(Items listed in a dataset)
##############################
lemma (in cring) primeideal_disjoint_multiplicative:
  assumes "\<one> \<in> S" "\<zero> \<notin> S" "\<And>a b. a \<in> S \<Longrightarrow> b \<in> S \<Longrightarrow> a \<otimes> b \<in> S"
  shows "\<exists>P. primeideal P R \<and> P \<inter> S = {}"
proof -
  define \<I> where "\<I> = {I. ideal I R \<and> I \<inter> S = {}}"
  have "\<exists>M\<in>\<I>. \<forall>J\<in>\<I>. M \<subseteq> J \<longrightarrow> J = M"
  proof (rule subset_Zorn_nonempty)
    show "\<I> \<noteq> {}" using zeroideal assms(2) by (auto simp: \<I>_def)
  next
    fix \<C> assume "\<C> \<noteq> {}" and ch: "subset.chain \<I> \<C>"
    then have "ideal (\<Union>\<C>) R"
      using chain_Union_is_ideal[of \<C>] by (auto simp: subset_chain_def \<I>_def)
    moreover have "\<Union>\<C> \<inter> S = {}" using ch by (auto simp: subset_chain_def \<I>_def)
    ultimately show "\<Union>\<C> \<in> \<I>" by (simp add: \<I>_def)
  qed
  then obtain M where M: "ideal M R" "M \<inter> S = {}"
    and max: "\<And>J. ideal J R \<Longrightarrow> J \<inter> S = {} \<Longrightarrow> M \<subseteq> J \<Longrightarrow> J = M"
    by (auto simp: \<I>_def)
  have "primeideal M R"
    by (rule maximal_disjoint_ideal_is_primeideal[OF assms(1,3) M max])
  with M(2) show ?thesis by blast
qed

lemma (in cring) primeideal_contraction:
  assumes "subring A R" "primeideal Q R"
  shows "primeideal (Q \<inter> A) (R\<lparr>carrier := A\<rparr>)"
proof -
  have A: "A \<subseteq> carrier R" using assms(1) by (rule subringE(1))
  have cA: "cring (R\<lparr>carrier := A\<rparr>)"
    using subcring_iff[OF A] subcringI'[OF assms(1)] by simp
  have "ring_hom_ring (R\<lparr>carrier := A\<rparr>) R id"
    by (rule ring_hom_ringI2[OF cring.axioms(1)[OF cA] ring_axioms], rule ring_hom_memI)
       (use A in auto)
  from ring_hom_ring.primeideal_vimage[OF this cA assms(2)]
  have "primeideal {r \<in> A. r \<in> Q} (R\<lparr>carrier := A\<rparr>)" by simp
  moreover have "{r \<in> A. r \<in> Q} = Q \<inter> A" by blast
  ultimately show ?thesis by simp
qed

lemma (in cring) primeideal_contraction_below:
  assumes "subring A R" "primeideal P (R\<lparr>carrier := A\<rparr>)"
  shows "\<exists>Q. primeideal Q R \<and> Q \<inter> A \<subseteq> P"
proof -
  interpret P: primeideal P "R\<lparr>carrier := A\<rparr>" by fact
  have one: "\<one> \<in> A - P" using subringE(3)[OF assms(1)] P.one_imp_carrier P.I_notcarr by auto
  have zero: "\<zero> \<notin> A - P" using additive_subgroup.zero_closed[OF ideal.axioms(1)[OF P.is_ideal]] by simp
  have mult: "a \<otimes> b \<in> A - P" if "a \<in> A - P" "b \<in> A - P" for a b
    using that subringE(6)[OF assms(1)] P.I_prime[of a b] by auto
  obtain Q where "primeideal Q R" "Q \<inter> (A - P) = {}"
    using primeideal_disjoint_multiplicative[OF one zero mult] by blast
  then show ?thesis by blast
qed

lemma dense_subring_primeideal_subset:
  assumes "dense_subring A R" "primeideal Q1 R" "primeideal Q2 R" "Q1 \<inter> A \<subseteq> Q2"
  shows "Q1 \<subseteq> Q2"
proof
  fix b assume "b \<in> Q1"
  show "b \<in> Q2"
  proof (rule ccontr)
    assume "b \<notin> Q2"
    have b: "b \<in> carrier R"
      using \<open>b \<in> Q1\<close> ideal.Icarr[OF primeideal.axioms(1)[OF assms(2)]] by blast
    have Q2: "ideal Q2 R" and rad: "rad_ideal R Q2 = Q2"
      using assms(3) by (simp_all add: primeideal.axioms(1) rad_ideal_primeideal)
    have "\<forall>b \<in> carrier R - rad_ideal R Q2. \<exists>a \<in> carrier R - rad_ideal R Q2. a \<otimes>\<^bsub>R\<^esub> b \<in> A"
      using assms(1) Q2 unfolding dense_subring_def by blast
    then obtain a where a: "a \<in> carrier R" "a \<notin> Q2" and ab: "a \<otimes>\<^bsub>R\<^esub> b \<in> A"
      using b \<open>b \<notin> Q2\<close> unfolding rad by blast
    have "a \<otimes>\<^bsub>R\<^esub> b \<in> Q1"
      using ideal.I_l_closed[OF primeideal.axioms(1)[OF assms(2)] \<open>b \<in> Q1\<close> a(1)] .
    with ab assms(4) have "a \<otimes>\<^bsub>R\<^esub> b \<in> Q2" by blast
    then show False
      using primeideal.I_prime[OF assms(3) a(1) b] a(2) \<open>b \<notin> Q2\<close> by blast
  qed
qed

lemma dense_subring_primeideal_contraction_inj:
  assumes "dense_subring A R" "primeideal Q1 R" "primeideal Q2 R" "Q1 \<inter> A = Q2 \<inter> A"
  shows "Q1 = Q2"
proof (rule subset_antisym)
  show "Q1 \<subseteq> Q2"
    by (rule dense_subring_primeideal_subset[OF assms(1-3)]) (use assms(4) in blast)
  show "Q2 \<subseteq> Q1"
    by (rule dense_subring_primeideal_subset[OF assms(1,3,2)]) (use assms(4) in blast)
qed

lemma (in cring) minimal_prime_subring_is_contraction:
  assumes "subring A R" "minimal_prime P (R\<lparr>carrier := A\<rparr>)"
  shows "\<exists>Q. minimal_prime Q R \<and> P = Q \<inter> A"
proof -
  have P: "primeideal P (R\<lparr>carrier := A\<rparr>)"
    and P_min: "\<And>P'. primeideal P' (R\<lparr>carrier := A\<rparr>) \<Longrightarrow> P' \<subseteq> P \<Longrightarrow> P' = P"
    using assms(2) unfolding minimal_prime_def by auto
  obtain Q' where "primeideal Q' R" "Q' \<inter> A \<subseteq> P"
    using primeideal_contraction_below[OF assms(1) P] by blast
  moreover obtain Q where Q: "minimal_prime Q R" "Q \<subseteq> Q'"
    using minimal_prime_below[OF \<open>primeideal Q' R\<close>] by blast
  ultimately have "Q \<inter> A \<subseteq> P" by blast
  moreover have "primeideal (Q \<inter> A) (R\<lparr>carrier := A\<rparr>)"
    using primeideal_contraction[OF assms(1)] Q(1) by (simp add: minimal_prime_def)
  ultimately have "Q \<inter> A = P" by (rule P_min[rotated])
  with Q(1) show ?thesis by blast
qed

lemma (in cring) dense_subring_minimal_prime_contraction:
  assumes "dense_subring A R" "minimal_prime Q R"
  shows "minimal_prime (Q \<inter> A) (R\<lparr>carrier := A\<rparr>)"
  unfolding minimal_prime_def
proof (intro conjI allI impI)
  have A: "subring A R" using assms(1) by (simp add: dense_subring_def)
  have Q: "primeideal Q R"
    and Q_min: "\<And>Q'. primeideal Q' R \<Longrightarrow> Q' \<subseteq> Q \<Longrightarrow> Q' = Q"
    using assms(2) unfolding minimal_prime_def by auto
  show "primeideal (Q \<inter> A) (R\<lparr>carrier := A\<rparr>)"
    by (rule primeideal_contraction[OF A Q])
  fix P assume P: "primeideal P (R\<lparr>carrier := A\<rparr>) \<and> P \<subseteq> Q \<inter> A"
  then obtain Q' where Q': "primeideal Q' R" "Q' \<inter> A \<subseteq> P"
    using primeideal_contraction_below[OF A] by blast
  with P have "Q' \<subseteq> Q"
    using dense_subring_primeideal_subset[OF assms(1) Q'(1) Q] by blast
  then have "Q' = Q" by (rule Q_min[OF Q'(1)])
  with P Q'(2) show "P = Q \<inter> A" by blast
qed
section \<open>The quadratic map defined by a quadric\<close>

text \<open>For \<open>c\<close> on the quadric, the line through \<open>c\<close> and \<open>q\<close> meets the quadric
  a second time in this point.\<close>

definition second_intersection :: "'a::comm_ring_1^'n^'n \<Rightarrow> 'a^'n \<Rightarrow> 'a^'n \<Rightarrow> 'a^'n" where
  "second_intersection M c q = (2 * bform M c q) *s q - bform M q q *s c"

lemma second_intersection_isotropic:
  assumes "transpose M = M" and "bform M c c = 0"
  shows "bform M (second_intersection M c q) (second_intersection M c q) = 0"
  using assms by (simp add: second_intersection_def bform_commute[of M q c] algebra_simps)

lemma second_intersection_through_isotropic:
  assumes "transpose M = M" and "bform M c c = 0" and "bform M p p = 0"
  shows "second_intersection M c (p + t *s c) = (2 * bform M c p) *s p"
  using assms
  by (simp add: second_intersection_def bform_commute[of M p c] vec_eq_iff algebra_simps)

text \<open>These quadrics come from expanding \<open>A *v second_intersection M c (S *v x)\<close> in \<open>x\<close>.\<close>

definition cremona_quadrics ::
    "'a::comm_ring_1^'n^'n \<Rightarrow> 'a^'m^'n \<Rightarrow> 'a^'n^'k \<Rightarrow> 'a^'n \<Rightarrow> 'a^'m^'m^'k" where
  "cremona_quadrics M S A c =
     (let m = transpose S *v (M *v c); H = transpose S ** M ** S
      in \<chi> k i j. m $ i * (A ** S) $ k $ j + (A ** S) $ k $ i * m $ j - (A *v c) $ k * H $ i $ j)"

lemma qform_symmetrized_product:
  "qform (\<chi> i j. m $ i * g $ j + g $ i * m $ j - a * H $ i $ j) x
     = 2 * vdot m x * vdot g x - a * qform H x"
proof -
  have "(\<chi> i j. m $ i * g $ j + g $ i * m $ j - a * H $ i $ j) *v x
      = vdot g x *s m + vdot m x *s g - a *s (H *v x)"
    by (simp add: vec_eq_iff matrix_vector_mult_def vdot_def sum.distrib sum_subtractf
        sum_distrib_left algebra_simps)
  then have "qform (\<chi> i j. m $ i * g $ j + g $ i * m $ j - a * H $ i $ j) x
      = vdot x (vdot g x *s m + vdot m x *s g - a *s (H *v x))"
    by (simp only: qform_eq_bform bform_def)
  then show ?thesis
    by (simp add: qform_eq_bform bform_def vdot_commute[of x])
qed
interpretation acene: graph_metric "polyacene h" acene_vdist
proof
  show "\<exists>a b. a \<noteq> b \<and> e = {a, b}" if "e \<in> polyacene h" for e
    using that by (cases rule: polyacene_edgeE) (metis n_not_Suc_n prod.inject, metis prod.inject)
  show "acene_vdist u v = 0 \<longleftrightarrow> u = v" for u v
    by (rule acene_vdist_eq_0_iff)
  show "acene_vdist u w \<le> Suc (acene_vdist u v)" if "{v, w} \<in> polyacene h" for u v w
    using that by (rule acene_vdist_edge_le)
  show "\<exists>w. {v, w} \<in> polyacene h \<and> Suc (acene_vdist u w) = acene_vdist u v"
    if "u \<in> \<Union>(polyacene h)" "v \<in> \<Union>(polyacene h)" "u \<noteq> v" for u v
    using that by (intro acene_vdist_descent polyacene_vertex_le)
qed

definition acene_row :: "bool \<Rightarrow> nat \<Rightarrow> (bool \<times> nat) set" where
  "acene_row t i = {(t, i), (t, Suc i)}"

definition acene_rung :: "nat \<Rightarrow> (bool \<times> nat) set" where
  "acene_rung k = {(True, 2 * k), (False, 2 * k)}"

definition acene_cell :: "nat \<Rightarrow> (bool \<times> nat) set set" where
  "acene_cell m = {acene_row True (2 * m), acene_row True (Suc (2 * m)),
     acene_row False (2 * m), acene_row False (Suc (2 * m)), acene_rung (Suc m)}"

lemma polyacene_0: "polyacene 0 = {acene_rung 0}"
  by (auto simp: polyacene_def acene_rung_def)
##############################
How to complete this task:
From the records above, give again exactly the lines running from the line with "using minimal_prime_below[OF \<open>primeideal" to the line with "using primeideal_contraction[OF assms(1)]", inclusive.

Answer:
    using minimal_prime_below[OF \<open>primeideal Q' R\<close>] by blast
  ultimately have "Q \<inter> A \<subseteq> P" by blast
  moreover have "primeideal (Q \<inter> A) (R\<lparr>carrier := A\<rparr>)"
    using primeideal_contraction[OF assms(1)] Q(1) by (simp add: minimal_prime_def)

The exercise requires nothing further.